*ASSIGNMENT*: Beginning with the first line below, please restate each line exactly, down to and including the line containing "using holder_D[OF assms, of".

*AVAILABLE DATA*:
lemma D_cocycle: "D (s + t) z v = D s (\<Phi> t z) (D t z v)"
proof -
  have "\<Phi> (s + t) = \<Phi> s \<circ> \<Phi> t" by (auto simp: fun_eq_iff flow_add)
  moreover have "(\<Phi> s \<circ> \<Phi> t has_derivative D s (\<Phi> t z) \<circ> D t z) (at z)"
    by (rule diff_chain_at[OF has_derivative_flow has_derivative_flow])
  ultimately have "D (s + t) z = D s (\<Phi> t z) \<circ> D t z"
    using has_derivative_flow[of "s + t" z] has_derivative_unique by metis
  then show ?thesis by simp
qed

lemma D_zero [simp]: "D 0 z v = v"
proof -
  have "\<Phi> 0 = id" by (simp add: fun_eq_iff)
  then have "(\<Phi> 0 has_derivative id) (at z)" using has_derivative_id by simp
  then have "D 0 z = id" using has_derivative_flow[of 0 z] has_derivative_unique by blast
  then show ?thesis by simp
qed

lemma D_inverse: "D (-t) (\<Phi> t z) (D t z v) = v"
  using D_cocycle[of "-t" t z v] by simp

lemma onorm_D_bounded:
  assumes "compact S"
  shows "\<exists>B. \<forall>z\<in>S. onorm (D t z) \<le> B"
proof (cases "S = {}")
  case False
  then obtain z0 where "z0 \<in> S" by blast
  obtain L where L: "\<forall>y\<in>S. \<forall>z\<in>S. onorm (\<lambda>v. D t y v - D t z v) \<le> L * dist y z powr \<alpha>"
    using holder_D[OF assms, of "\<bar>t\<bar>"] by blast
  have "onorm (D t z) \<le> \<bar>L\<bar> * diameter S powr \<alpha> + onorm (D t z0)" if z: "z \<in> S" for z
  proof -
    have "onorm (D t z) = onorm (\<lambda>v. (D t z v - D t z0 v) + D t z0 v)" by simp
    also have "\<dots> \<le> onorm (\<lambda>v. D t z v - D t z0 v) + onorm (D t z0)"
      by (rule onorm_triangle[OF bounded_linear_sub[OF bounded_linear_D bounded_linear_D] bounded_linear_D])
    also have "onorm (\<lambda>v. D t z v - D t z0 v) \<le> L * dist z z0 powr \<alpha>"
      using L z \<open>z0 \<in> S\<close> by blast
    also have "\<dots> \<le> \<bar>L\<bar> * dist z z0 powr \<alpha>" by (simp add: mult_right_mono)
    also have "\<dots> \<le> \<bar>L\<bar> * diameter S powr \<alpha>"
      using diameter_bounded_bound[OF compact_imp_bounded[OF assms] z \<open>z0 \<in> S\<close>] alpha_pos
      by (intro mult_left_mono powr_mono2) auto
    finally show ?thesis by simp
  qed
  then show ?thesis by blast
qed simp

*TASK OUTPUT*:
lemma D_cocycle: "D (s + t) z v = D s (\<Phi> t z) (D t z v)"
proof -
  have "\<Phi> (s + t) = \<Phi> s \<circ> \<Phi> t" by (auto simp: fun_eq_iff flow_add)
  moreover have "(\<Phi> s \<circ> \<Phi> t has_derivative D s (\<Phi> t z) \<circ> D t z) (at z)"
    by (rule diff_chain_at[OF has_derivative_flow has_derivative_flow])
  ultimately have "D (s + t) z = D s (\<Phi> t z) \<circ> D t z"
    using has_derivative_flow[of "s + t" z] has_derivative_unique by metis
  then show ?thesis by simp
qed

lemma D_zero [simp]: "D 0 z v = v"
proof -
  have "\<Phi> 0 = id" by (simp add: fun_eq_iff)
  then have "(\<Phi> 0 has_derivative id) (at z)" using has_derivative_id by simp
  then have "D 0 z = id" using has_derivative_flow[of 0 z] has_derivative_unique by blast
  then show ?thesis by simp
qed

lemma D_inverse: "D (-t) (\<Phi> t z) (D t z v) = v"
  using D_cocycle[of "-t" t z v] by simp

lemma onorm_D_bounded:
  assumes "compact S"
  shows "\<exists>B. \<forall>z\<in>S. onorm (D t z) \<le> B"
proof (cases "S = {}")
  case False
  then obtain z0 where "z0 \<in> S" by blast
  obtain L where L: "\<forall>y\<in>S. \<forall>z\<in>S. onorm (\<lambda>v. D t y v - D t z v) \<le> L * dist y z powr \<alpha>"
    using holder_D[OF assms, of "\<bar>t\<bar>"] by blast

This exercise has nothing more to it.